While many cultural, local and descriptive phrases are used to describe Asian leafy vegetables which produce heads, hence the western name “cabbage,” the Chinese name is typically used in texts which trace taxonomic or scientific titles. The Mandarin Chinese phrase “tsai”along with the Cantonese Chinese phrase “choy,” sometimes spelled choi, both imply “vegetable” Add the prefix “pai” into “tsai” and you get “white vegetable” Western spellings of Oriental words vary substantially, adding to the difficulty of trying to identify individuals offered in Western markets and also exploded in Western gardens.

Vietnamese Cabbages

Vietnamese growers and sellers unfamiliar with taxonomy and name sources may well call a familiar cabbage “Vietnamese cabbage.” For them it is a Vietnamese cabbage. A grower in Cambodia may well call the same cabbage “Cambodian cabbage.” A Vietnamese cabbage is the most likely one of two varieties of Chinese cabbage (B. rapa var. pekinensis).
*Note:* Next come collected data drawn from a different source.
(* Let $\mathcal{X}\subseteq\mathbb{R}^d$ be a nonempty compact convex set and let $f:\mathbb{R}^d\to\mathbb{R}$ be Lipschitz continuous and Clarke regular (for all $x,v$ the limit $f'(x;v)=\lim_{t\downarrow0}\frac{f(x+tv)-f(x)}{t}$ exists). Fix $\lambda>0$ and let $r(\lambda)\ge0$, where $r:(0,\infty)\to[0,\infty)$ is a function with $r(\lambda)\to0$ as $\lambda\to0$ such that $\nabla f_\lambda(x)\in\partial f(x)+B(0,r(\lambda))$ for all $x\in\mathcal{X}$, with $f_\lambda(x)=\mathbb{E}_{u\sim\mathcal{N}(0,I)}[f(x+\lambda u)]$. For $(x,y)\in\mathcal{X}\times\mathbb{R}^d$ define $$\hat{\mathcal{N}}_{\mathcal{X}}(x)=\{\eta\in\mathcal{N}_{\mathcal{X}}(x):\ \|\eta\|\le 2\|y\|\},\qquad H_1(x,y)=-\big(y+\hat{\mathcal{N}}_{\mathcal{X}}(x)\big),\qquad H_2(x,y)=-\big(y-\partial f(x)\big)+B(0,r(\lambda)).$$ Then $H_1$ and $H_2$ are Marchaud maps on $\mathcal{X}\times\mathbb{R}^d$.
   Context: $\mathcal{N}_{\mathcal{X}}(x)$ is the normal cone of the convex set $\mathcal{X}$ at $x\in\mathcal{X}$; note $\hat{\mathcal{N}}_{\mathcal{X}}(x)$ depends on $y$ as well. $\partial f(x)$ is the Clarke subdifferential of $f$ at $x$ ($\overline{\mathrm{conv}}$ of limits of gradients $\nabla f(x_k)$ along sequences $x_k\to x$ of differentiability points). $B(0,\rho)$ is the closed ball of radius $\rho$ about $0$; set sums are Minkowski sums, so $-(y-\partial f(x))=\{-y+g: g\in\partial f(x)\}$. A set-valued map $H$ defined on pairs $(x,y)$ is Marchaud if: (a) each $H(x,y)$ is nonempty, convex and compact; (b) there is $K>0$ with $\sup_{z\in H(x,y)}\|z\|\le K(1+\|x\|+\|y\|)$ for all $(x,y)$; (c) it is upper semicontinuous in the sense that whenever $(x_n,y_n)\to(x,y)$, $z_n\in H(x_n,y_n)$ and $z_n\to z$, then $z\in H(x,y)$. *)

theory Defs
  imports "HOL-Analysis.Analysis"
begin

definition has_grad :: "('a::euclidean_space \<Rightarrow> real) \<Rightarrow> 'a \<Rightarrow> 'a \<Rightarrow> bool" where
  "has_grad f g x \<longleftrightarrow> (f has_derivative (\<lambda>h. g \<bullet> h)) (at x)"

definition clarke_subdiff :: "('a::euclidean_space \<Rightarrow> real) \<Rightarrow> 'a \<Rightarrow> 'a set" where
  "clarke_subdiff f x = closure (convex hull
     {g. \<exists>xs gs. (xs \<longlonglongrightarrow> x) \<and> (\<forall>k. has_grad f (gs k) (xs k)) \<and> (gs \<longlonglongrightarrow> g)})"

definition clarke_regular :: "('a::euclidean_space \<Rightarrow> real) \<Rightarrow> bool" where
  "clarke_regular f \<longleftrightarrow>
     (\<forall>x v. \<exists>l. ((\<lambda>t. (f (x + t *\<^sub>R v) - f x) / t) \<longlongrightarrow> l) (at_right 0))"

definition normal_cone :: "'a::euclidean_space set \<Rightarrow> 'a \<Rightarrow> 'a set" where
  "normal_cone X x = {\<eta>. \<forall>z\<in>X. \<eta> \<bullet> (z - x) \<le> 0}"

definition std_gaussian :: "'a::euclidean_space measure" where
  "std_gaussian = density lborel
     (\<lambda>u. ennreal ((2 * pi) powr (- real DIM('a) / 2) * exp (- (norm u)\<^sup>2 / 2)))"

definition gauss_smooth :: "('a::euclidean_space \<Rightarrow> real) \<Rightarrow> real \<Rightarrow> 'a \<Rightarrow> real" where
  "gauss_smooth f lam x = integral\<^sup>L std_gaussian (\<lambda>u. f (x + lam *\<^sub>R u))"

definition marchaud :: "('a::euclidean_space \<times> 'a) set \<Rightarrow> ('a \<Rightarrow> 'a \<Rightarrow> 'a set) \<Rightarrow> bool" where
  "marchaud S H \<longleftrightarrow>
     (\<forall>(x, y)\<in>S. H x y \<noteq> {} \<and> convex (H x y) \<and> compact (H x y)) \<and>
     (\<exists>K>0. \<forall>(x, y)\<in>S. \<forall>z\<in>H x y. norm z \<le> K * (1 + norm x + norm y)) \<and>
     (\<forall>xs ys zs x y z. (\<forall>n. (xs n, ys n) \<in> S \<and> zs n \<in> H (xs n) (ys n)) \<and>
        (xs \<longlonglongrightarrow> x) \<and> (ys \<longlonglongrightarrow> y) \<and> (zs \<longlonglongrightarrow> z) \<and> (x, y) \<in> S
        \<longrightarrow> z \<in> H x y)"

end

theory Submission
  imports Defs
begin

(* For H1 everything is elementary: normal cones are closed and convex, their graph is
   closed, and the truncation at radius 2|y| gives compact values and linear growth.
   For H2, the Clarke subdifferential of an L-Lipschitz f lies in the ball of radius L
   because every gradient does, which gives compact values and growth. The real point is
   that its graph is closed: if g is not in the subdifferential at x, separate it by a
   hyperplane; since gradients are bounded, Bolzano-Weierstrass shows that all gradients
   at points near x lie beyond a slightly shifted hyperplane, hence so does the whole
   subdifferential at points near x, and g cannot be a limit of its elements.
   Nonemptiness of the subdifferential (Rademacher's theorem in the paper) is read off
   the smoothing hypothesis. *)

lemma has_grad_norm_le_lipschitz:
  fixes f :: "'a::euclidean_space \<Rightarrow> real"
  assumes L: "L-lipschitz_on UNIV f" and g: "has_grad f g x"
  shows "norm g \<le> L"
proof -
  have "((\<lambda>t. x + t *\<^sub>R g) has_derivative (\<lambda>t. t *\<^sub>R g)) (at 0)"
    by (auto intro!: derivative_eq_intros)
  moreover have "(f has_derivative (\<lambda>h. g \<bullet> h)) (at (x + 0 *\<^sub>R g))"
    using g by (simp add: has_grad_def)
  ultimately have "((\<lambda>t. f (x + t *\<^sub>R g)) has_derivative (\<lambda>t. g \<bullet> (t *\<^sub>R g))) (at 0)"
    by (rule has_derivative_compose)
  then have "((\<lambda>t. f (x + t *\<^sub>R g)) has_real_derivative g \<bullet> g) (at 0)"
    unfolding has_field_derivative_def by (rule has_derivative_eq_rhs) (auto simp: fun_eq_iff)
  then have "((\<lambda>t. \<bar>(f (x + t *\<^sub>R g) - f x) / t\<bar>) \<longlongrightarrow> \<bar>g \<bullet> g\<bar>) (at 0)"
    by (intro tendsto_rabs) (simp add: DERIV_def)
  moreover have "\<bar>(f (x + t *\<^sub>R g) - f x) / t\<bar> \<le> L * norm g" if "t \<noteq> 0" for t
  proof -
    have "\<bar>f (x + t *\<^sub>R g) - f x\<bar> \<le> L * (\<bar>t\<bar> * norm g)"
      using lipschitz_on_normD[OF L, of "x + t *\<^sub>R g" x] by simp
    with that show ?thesis by (simp add: divide_le_eq mult_ac)
  qed
  ultimately have "norm g * norm g \<le> L * norm g"
    by (intro tendsto_upperbound[where F="at 0"])
       (auto simp: eventually_at_filter dot_square_norm power2_eq_square)
  then show ?thesis
    using lipschitz_on_nonneg[OF L] by (cases "g = 0") (auto simp: mult_le_cancel_right)
qed

definition limiting_gradients :: "('a::euclidean_space \<Rightarrow> real) \<Rightarrow> 'a \<Rightarrow> 'a set" where
  "limiting_gradients f x =
     {g. \<exists>xs gs. (xs \<longlonglongrightarrow> x) \<and> (\<forall>k. has_grad f (gs k) (xs k)) \<and> (gs \<longlonglongrightarrow> g)}"

lemma clarke_subdiff_limiting_gradients:
  "clarke_subdiff f x = closure (convex hull limiting_gradients f x)"
  by (simp add: clarke_subdiff_def limiting_gradients_def)

lemma convex_clarke_subdiff: "convex (clarke_subdiff f x)"
  by (simp add: clarke_subdiff_limiting_gradients convex_closure)

lemma closed_clarke_subdiff: "closed (clarke_subdiff f x)"
  by (simp add: clarke_subdiff_limiting_gradients)

lemma limiting_gradients_subset_clarke_subdiff:
  "limiting_gradients f x \<subseteq> clarke_subdiff f x"
  unfolding clarke_subdiff_limiting_gradients by (rule order_trans[OF hull_subset closure_subset])

lemma clarke_subdiff_subset:
  assumes "closed C" "convex C" "limiting_gradients f x \<subseteq> C"
  shows "clarke_subdiff f x \<subseteq> C"
  unfolding clarke_subdiff_limiting_gradients
  using assms by (intro closure_minimal hull_minimal)

lemma limiting_gradients_subset:
  assumes "closed C" "open U" "x \<in> U" and grad: "\<And>u g. u \<in> U \<Longrightarrow> has_grad f g u \<Longrightarrow> g \<in> C"
  shows "limiting_gradients f x \<subseteq> C"
proof
  fix s assume "s \<in> limiting_gradients f x"
  then obtain xs gs where xs: "xs \<longlonglongrightarrow> x" and gs: "\<And>k. has_grad f (gs k) (xs k)" "gs \<longlonglongrightarrow> s"
    by (auto simp: limiting_gradients_def)
  have "eventually (\<lambda>k. xs k \<in> U) sequentially"
    using xs \<open>open U\<close> \<open>x \<in> U\<close> by (rule topological_tendstoD)
  then have "eventually (\<lambda>k. gs k \<in> C) sequentially"
    by eventually_elim (use grad gs(1) in blast)
  then show "s \<in> C"
    using \<open>closed C\<close> gs(2) by (intro Lim_in_closed_set) auto
qed
lemma reduced_root_unique:
  assumes "incidence F f" "reduced_root f I1" "reduced_root f I2"
  shows "I1 = I2"
proof -
  have False if "reduced_root f J1" "reduced_root f J2" "J1 < J2" for J1 J2
  proof -
    have J: "0 < J1" "J2 < \<Lambda> / \<alpha>" and roots: "f (S_of J1) J1 = rate_of J1" "f (S_of J2) J2 = rate_of J2"
      using that unfolding reduced_root_def by auto
    have S_nonneg: "S_of J2 \<ge> 0"
      using S_of_nonneg J that(3) by simp
    have "S_of J2 < S_of J1"
      using S_of_strict_antimono reduced_root_rate_pos[OF assms(1) that(1)] J that(3) by simp
    have "rate_of J2 = f (S_of J2) J2"
      using roots by simp
    also have "\<dots> \<le> f (S_of J2) J1"
      using incidence_antimono_snd[OF assms(1) S_nonneg] J that(3) by simp
    also have "\<dots> < f (S_of J1) J1"
      using incidence_strict_mono_fst[OF assms(1) _ S_nonneg \<open>S_of J2 < S_of J1\<close>] J by simp
    also have "\<dots> = rate_of J1"
      using roots by simp
    finally show False
      using rate_of_strict_mono[OF less_imp_le[OF J(1)] that(3)] by simp
  qed
  then show ?thesis
    using assms(2,3) by (metis linorder_neqE_linordered_idom)
qed

lemma reduced_root_exists:
  assumes "incidence F f" "rate_of 0 < f (\<Lambda> / (r + \<mu>)) 0"
  obtains I where "reduced_root f I"
proof -
  define D where "D I = f (S_of I) I - rate_of I" for I
  have top: "0 < \<Lambda> / \<alpha>"
    using \<Lambda>_pos \<alpha>_pos by simp
  have "continuous_on {0..\<Lambda> / \<alpha>} S_of"
    by (rule continuous_on_subset[OF continuous_on_S_of]) auto
  then have "continuous_on {0..\<Lambda> / \<alpha>} (\<lambda>I. f (S_of I) I)"
    by (rule incidence_continuous_on_curve[OF assms(1) _ continuous_on_id]) (simp add: S_of_nonneg)
  moreover have "continuous_on {0..\<Lambda> / \<alpha>} rate_of"
    by (rule continuous_on_subset[OF continuous_on_rate_of]) auto
  ultimately have "continuous_on {0..\<Lambda> / \<alpha>} D"
    unfolding D_def by (rule continuous_on_diff)
  moreover have D_top: "D (\<Lambda> / \<alpha>) < 0"
    using incidence_vanishes_at_S_zero[OF assms(1) top] S_of_top rate_of_top \<alpha>_pos by (simp add: D_def)
  moreover have D_zero: "D 0 > 0"
    using assms(2) S_of_zero by (simp add: D_def)
  ultimately obtain I where I: "0 \<le> I" "I \<le> \<Lambda> / \<alpha>" "D I = 0"
    using IVT2'[of D "\<Lambda> / \<alpha>" 0 0] top by auto
  then have "I \<noteq> 0" "I \<noteq> \<Lambda> / \<alpha>"
    using D_top D_zero by auto
  with I have "reduced_root f I"
    unfolding reduced_root_def D_def by simp
  then show ?thesis
    by (rule that)
qed

lemma ex1_reduced_root_iff:
  assumes "incidence F f" "((\<lambda>I. F (\<Lambda> / (r + \<mu>)) I) has_real_derivative \<sigma>) (at 0 within {0..})"
  shows "(\<exists>!I. reduced_root f I) \<longleftrightarrow> rate_of 0 < \<sigma>"
proof -
  have "f (\<Lambda> / (r + \<mu>)) 0 = \<sigma>"
    using incidence_initial_slope[OF assms(1) _ assms(2)] \<Lambda>_pos r_pos \<mu>_pos by simp
  then show ?thesis
    using reduced_root_imp_threshold[OF assms(1)] reduced_root_exists[OF assms(1)]
      reduced_root_unique[OF assms(1)] by metis
qed

end

lemma ex1_triple_graph_iff:
  assumes "\<And>a b c. P a b c \<longleftrightarrow> Q c \<and> a = f c \<and> b = g c"
  shows "(\<exists>!p. case p of (a, b, c) \<Rightarrow> P a b c) \<longleftrightarrow> (\<exists>!c. Q c)"
  unfolding assms by (auto simp: Ex1_def)
theorem mainTheorem6:
  fixes u :: "'a::finite \<Rightarrow> 'w::finite \<Rightarrow> real"
    and P :: "(real^'w) set"
    and S :: "(real^'a^'w) set"
  assumes "P \<noteq> {}" and "closed P" and "convex P" and "P \<subseteq> prob_simplex"
    and "canonical_ambiguous_experiment S"
  shows "obedient \<in> BR u P S \<longleftrightarrow>
    (\<exists>\<pi>\<in>Kstar u P S. \<forall>a b. (\<Sum>\<omega>\<in>UNIV. \<pi> $ \<omega> $ a * (u b \<omega> - u a \<omega>)) \<le> 0)"
proof -
  have S: "S \<noteq> {}" "\<forall>\<sigma>\<in>S. canonical_experiment \<sigma>"
    using assms(5) by (auto simp: canonical_ambiguous_experiment_def)
  have ne: "Pi_set P S \<noteq> {}" using assms(1) S(1) by (auto simp: Pi_set_def)
  have bd: "bounded (Pi_set P S)" using assms(4) S(2) by (rule bounded_Pi_set)
  have "obedient \<in> BR u P S \<longleftrightarrow> (\<exists>\<pi>\<in>Kstar u P S. \<forall>a b. deviation_gain u \<pi> $ a $ b \<le> 0)"
    using obedient_BR_imp_Kstar_deviation_gain_nonpos[OF ne bd]
      Kstar_deviation_gain_nonpos_imp_obedient_BR[OF ne bd] by blast
  then show ?thesis by (simp add: deviation_gain_def)
qed

end
text \<open>Convexity is what keeps the roots of the pieces in order: once a node is deleted after a
  kept position inside it, no later position is kept.\<close>

lemma sorted_forest_restr:
  "order_convex P \<Longrightarrow> incr c \<and> sorted_kids c \<longrightarrow> sorted_forest (restrT P off c)"
  "order_convex P \<Longrightarrow> sorted_forest cs \<longrightarrow> sorted_forest (restrF P off cs)"
proof (induction P off c and P off cs rule: restrT_restrF.induct)
  case (1 P off a cs)
  show ?case
  proof
    assume "incr (LN a cs) \<and> sorted_kids (LN a cs)"
    then have "sorted_forest [LN a cs]"
      by (simp add: sorted_forest_def)
    then have "sorted_forest (restrF P off cs)" "\<forall>b\<in>set (labels (restrF P off cs)). a < b"
      using 1 set_labels_restrF_subset[of P off cs] by (auto simp: sorted_forest_LN)
    then show "sorted_forest (restrT P off (LN a cs))"
      by (simp add: sorted_forest_LN)
  qed
next
  case (3 P off c cs)
  show ?case
  proof
    assume sorted: "sorted_forest (c # cs)"
    then have c: "incr c \<and> sorted_kids c" and cs: "sorted_forest cs"
      and lab_c_less: "\<And>d. d \<in> set cs \<Longrightarrow> lab c < lab d"
      by (simp_all add: sorted_forest_def)
    have "\<forall>x\<in>set (restrT P off c). \<forall>y\<in>set (restrF P (off + nn c) cs). lab x < lab y"
    proof (cases "P (off + nn c)")
      case True
      have "lab c < lab y" if "y \<in> set (restrF P (off + nn c) cs)" for y
      proof -
        have "lab y \<in> set (labels cs)"
          using lab_in_labels[OF that] set_labels_restrF_subset by blast
        then obtain d where "d \<in> set cs" "lab y \<in> set (post d)"
          by (auto simp: labels_def)
        moreover from this(1) have "incr d"
          using cs by (simp add: sorted_forest_def)
        ultimately show ?thesis
          using lab_c_less incr_lab_le by (meson order_less_le_trans)
      qed
      then show ?thesis
        using True by (cases c) simp
    next
      case False
      show ?thesis
      proof (cases "restrT P off c = []")
        case False
        then obtain p where "off < p" "p \<le> off + nn c" "P p"
          by (rule restrT_nonempty_obtains_position)
        then have "p < off + nn c"
          using \<open>\<not> P (off + nn c)\<close> le_neq_implies_less by blast
        then have "\<not> P r" if "off + nn c < r" for r
          using 3(3) \<open>P p\<close> \<open>\<not> P (off + nn c)\<close> that unfolding order_convex_def by blast
        then have "restrF P (off + nn c) cs = []"
          by (rule restrF_eq_Nil)
        then show ?thesis by simp
      qed simp
    qed
    moreover have "sorted_forest (restrT P off c)" "sorted_forest (restrF P (off + nn c) cs)"
      using 3 c cs by blast+
    ultimately show "sorted_forest (restrF P off (c # cs))"
      by (simp add: sorted_forest_append)
  qed
qed simp

lemma sorted_forest_interval: "sorted_forest u \<Longrightarrow> sorted_forest (interval u i j)"
  unfolding interval_def restrict_def using sorted_forest_restr(2)[OF order_convex_interval] by blast

subsection \<open>Relabelling along an order embedding\<close>

lemma post_maplab: "post (maplab g c) = map g (post c)"
proof (induction c)
  case (LN a cs)
  then have "labels (map (maplab g) cs) = map g (labels cs)"
    by (induct cs) auto
  then show ?case by (simp add: post_LN)
qed

lemma labels_maplab: "labels (map (maplab g) t) = map g (labels t)"
  by (induct t) (auto simp: post_maplab)

lemma lab_maplab [simp]: "lab (maplab g c) = g (lab c)"
  by (cases c) simp

lemma sorted_wrt_lab_maplab:
  assumes "strict_mono_on S g" "\<And>c. c \<in> set F \<Longrightarrow> lab c \<in> S" "sorted_wrt (<) (map lab F)"
  shows "sorted_wrt (<) (map lab (map (maplab g) F))"
  using assms(3) unfolding sorted_wrt_map
  by (rule sorted_wrt_mono_rel[rotated]) (simp add: assms(2) strict_mono_onD[OF assms(1)])

lemma incr_sorted_kids_maplab:
  "strict_mono_on S g \<Longrightarrow> set (post c) \<subseteq> S \<Longrightarrow> incr c \<and> sorted_kids c
   \<Longrightarrow> incr (maplab g c) \<and> sorted_kids (maplab g c)"
proof (induction c)
  case (LN a cs)
  have S: "a \<in> S" "set (labels cs) \<subseteq> S" "\<And>k. k \<in> set cs \<Longrightarrow> set (post k) \<subseteq> S"
    using LN.prems(2) by (auto simp: post_LN labels_def)
  have "g a < b" if "b \<in> set (labels (map (maplab g) cs))" for b
  proof -
    from that obtain b0 where "b0 \<in> set (labels cs)" "b = g b0"
      by (auto simp: labels_maplab)
    moreover from this(1) have "a < b0"
      using LN.prems(3) by (auto simp: labels_def)
    ultimately show ?thesis
      using S strict_mono_onD[OF LN.prems(1)] by blast
  qed
  moreover have "sorted_wrt (<) (map lab (map (maplab g) cs))"
    using LN.prems(3) S lab_in_labels by (intro sorted_wrt_lab_maplab[OF LN.prems(1)]) auto
  moreover have "incr (maplab g k) \<and> sorted_kids (maplab g k)" if "k \<in> set cs" for k
    using LN.IH[OF that LN.prems(1) S(3)[OF that]] LN.prems(3) that by simp
  ultimately show ?case
    by (auto simp: labels_def)
qed

lemma sorted_forest_maplab:
  assumes "strict_mono_on (set (labels F)) g" "sorted_forest F"
  shows "sorted_forest (map (maplab g) F)"
proof -
  have "sorted_wrt (<) (map lab (map (maplab g) F))"
    using assms(2) lab_in_labels
    by (intro sorted_wrt_lab_maplab[OF assms(1)]) (auto simp: sorted_forest_def)
  moreover have "set (post c) \<subseteq> set (labels F)" if "c \<in> set F" for c
    using that by (auto simp: labels_def)
  ultimately show ?thesis
    using assms incr_sorted_kids_maplab[OF assms(1)] unfolding sorted_forest_def by auto
qed

definition rank :: "nat list \<Rightarrow> nat \<Rightarrow> nat" where
  "rank L a = card {b \<in> set L. b \<le> a}"

lemma std_eq_maplab_rank: "std t = map (maplab (rank (labels t))) t"
  unfolding std_def rank_def ..

lemma strict_mono_on_rank: "strict_mono_on (set L) (rank L)"
proof (rule strict_mono_onI)
  fix a b assume "a \<in> set L" "b \<in> set L" "a < b"
  then have "{x \<in> set L. x \<le> a} \<subseteq> {x \<in> set L. x \<le> b}"
    and "b \<in> {x \<in> set L. x \<le> b} - {x \<in> set L. x \<le> a}"
    by auto
  then have "{x \<in> set L. x \<le> a} \<subset> {x \<in> set L. x \<le> b}"
    by blast
  then show "rank L a < rank L b"
    unfolding rank_def by (rule psubset_card_mono[rotated]) simp
qed

lemma rank_image:
  assumes "distinct L"
  shows "rank L ` set L = {1..length L}"
proof (rule card_subset_eq)
  show "rank L ` set L \<subseteq> {1..length L}"
  proof
    fix x assume "x \<in> rank L ` set L"
    then obtain a where "a \<in> set L" "x = rank L a" by auto
    moreover have "card {b \<in> set L. b \<le> a} \<le> card (set L)"
      by (rule card_mono) auto
    moreover have "0 < card {b \<in> set L. b \<le> a}"
      using \<open>a \<in> set L\<close> by (subst card_gt_0_iff) auto
    ultimately show "x \<in> {1..length L}"
      using assms by (simp add: rank_def distinct_card)
  qed
  show "card (rank L ` set L) = card {1..length L}"
    using assms strict_mono_on_imp_inj_on[OF strict_mono_on_rank]
    by (simp add: card_image distinct_card)
qed simp

lemma sorted_tree_std:
  assumes "distinct (labels t)" "sorted_forest t"
  shows "sorted_tree (std t)"
proof -
  have "labels (std t) = map (rank (labels t)) (labels t)"
    by (simp add: std_eq_maplab_rank labels_maplab)
  then have "is_ntree (std t)"
    using assms(1) strict_mono_on_imp_inj_on[OF strict_mono_on_rank] rank_image[OF assms(1)]
    by (simp add: is_ntree_def deg_def distinct_map)
  moreover have "sorted_forest (std t)"
    unfolding std_eq_maplab_rank using strict_mono_on_rank assms(2) by (rule sorted_forest_maplab)
  ultimately show ?thesis
    by (simp add: sorted_tree_iff)
qed

lemma sorted_tree_std_interval: "sorted_tree t \<Longrightarrow> sorted_tree (std (interval t i j))"
  unfolding interval_def restrict_def
  by (intro sorted_tree_std distinct_labels_restrF sorted_forest_restr(2)[OF order_convex_interval, rule_format])
    (simp_all add: sorted_tree_iff is_ntree_def)

lemma labels_shift: "labels (shift w m) = map (\<lambda>a. a + m) (labels w)"
  by (simp add: shift_def labels_maplab)

lemma sorted_forest_shift: "sorted_forest w \<Longrightarrow> sorted_forest (shift w m)"
  unfolding shift_def by (rule sorted_forest_maplab) (auto intro: strict_mono_onI)

lemma mset_labels_shift_ntree:
  assumes "is_ntree w"
  shows "mset (labels (shift w m)) = mset_set {Suc m..m + deg w}"
proof -
  have "mset (labels (shift w m)) = image_mset (\<lambda>a. a + m) (mset_set {1..deg w})"
    using assms by (simp add: labels_shift is_ntree_iff_mset)
  also have "\<dots> = mset_set ((\<lambda>a. a + m) ` {1..deg w})"
    by (rule image_mset_mset_set) (simp add: inj_on_def)
  finally show ?thesis
    by (simp add: add.commute)
qed

lemma lab_mem_ntree: "is_ntree t \<Longrightarrow> c \<in> set t \<Longrightarrow> lab c \<in> {1..deg t}"
  using lab_in_labels by (auto simp: is_ntree_def)

lemma mset_set_atLeastAtMost_append:
  "mset_set {1..m} + mset_set {Suc m..m + n} = mset_set {1..m + n :: nat}"
  by (subst mset_set_Union[symmetric]) (auto intro: arg_cong[where f = mset_set])

lemma sorted_tree_slash:
  assumes t: "sorted_tree t" and w: "sorted_tree w"
  shows "sorted_tree (t @ shift w (deg t))"
proof -
  have "deg (t @ shift w (deg t)) = deg t + deg w"
    by (simp add: deg_def labels_shift)
  then have "is_ntree (t @ shift w (deg t))"
    using t w mset_labels_shift_ntree[of w "deg t"] mset_set_atLeastAtMost_append[of "deg t" "deg w"]
    by (simp add: sorted_tree_iff is_ntree_iff_mset)
  moreover have "lab x < lab y" if "x \<in> set t" "y \<in> set (shift w (deg t))" for x y
  proof -
    have "lab y \<in> set (labels (shift w (deg t)))"
      using lab_in_labels[OF that(2)] .
    then have "deg t < lab y"
      using w by (auto simp: labels_shift sorted_tree_iff is_ntree_def)
    then show ?thesis
      using lab_mem_ntree[OF _ that(1)] t by (force simp: sorted_tree_iff)
  qed
  ultimately show ?thesis
    using t w sorted_forest_shift by (simp add: sorted_tree_iff sorted_forest_append)
qed

subsection \<open>Grafting\<close>

lemma lab_graftT [simp]: "lab (graftT g off c) = lab c"
  by (cases c) simp

lemma map_lab_graftF [simp]: "map lab (graftF g off cs) = map lab cs"
  by (induct cs arbitrary: off) auto

lemma image_lab_graftF [simp]: "lab ` set (graftF g off cs) = lab ` set cs"
  by (metis list.set_map map_lab_graftF)

lemma lab_graftF_le:
  assumes "set (labels cs) \<subseteq> {..M}" "x \<in> set (graftF g off cs)"
  shows "lab x \<le> M"
proof -
  have "lab x \<in> lab ` set cs"
    using assms(2) image_lab_graftF by (metis image_eqI)
  then show ?thesis
    using assms(1) lab_in_labels by fastforce
qed

lemma mset_labels_graftT_graftF:
  "mset (post (graftT g off c)) =
     mset (post c) + (\<Sum>p\<in>{Suc off..off + nn c}. mset (labels (g p)))"
  "mset (labels (graftF g off cs)) =
     mset (labels cs) + (\<Sum>p\<in>{Suc off..off + length (labels cs)}. mset (labels (g p)))"
proof (induction g off c and g off cs rule: graftT_graftF.induct)
  case (1 g off a cs)
  have "off + nn (LN a cs) = Suc (off + length (labels cs))"
    by (simp add: nn_eq_length_post post_LN)
  moreover have "{Suc off..Suc (off + length (labels cs))} =
      insert (Suc (off + length (labels cs))) {Suc off..off + length (labels cs)}"
    by auto
  ultimately show ?case
    using 1 by (simp add: post_LN)
next
  case (3 g off c cs)
  have "{Suc off..off + length (labels (c # cs))} =
      {Suc off..off + nn c} \<union> {Suc (off + nn c)..off + nn c + length (labels cs)}"
    by (auto simp: nn_eq_length_post)
  then show ?case
    using 3 by (simp add: sum.union_disjoint)
qed simp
The Napa or won bok variety forms a brief, barrel-shaped head about 5 inches wide by 12 inches tall. The chihli variety forms stretched heads around 4 inches wide by 18 inches high. Vietnamese cabbage may also be among many subspecies of bak choi or pak choi (Brassica rapa var. Chinensis) which have dark green leaves on short, thick petioles or leaf stems which may be light green or white.

Chinese Cabbage

Chinese cabbage may also be called celery cabbage; Chinese white cabbage; napa cabbage; hakusai cabbage, the Japanese name; bow amount and bok choy, Cantonese Chinese names; and hsin pei tsai or pao, Mandarin Chinese names. The name “Napa cabbage” is widely believed to come from Napa County, California, in which it was first grown commercially, but it may also be out of “nappa,” the Japanese word to the cabbage. It is a pale yellow-green with leaves which are frilly in the edges. Chinese cabbage has a milder, more delicate flavor than Western cabbage and is eaten raw in salads or will be the final ingredient added to your stir fry.

Bak Choy or even Pak Choy

Varieties of bak choy or pak choy include choy sum (B. rapa var purpurea); yu choy, more fragile and sweeter than bok choy; gai choy (B. juncea); plus tai choy (B. chinesis). Those with white petioles include joi choy and tsaisai. Forms with green petioles consist of pak-choy green, mei qing choy and Oriental pak choy green.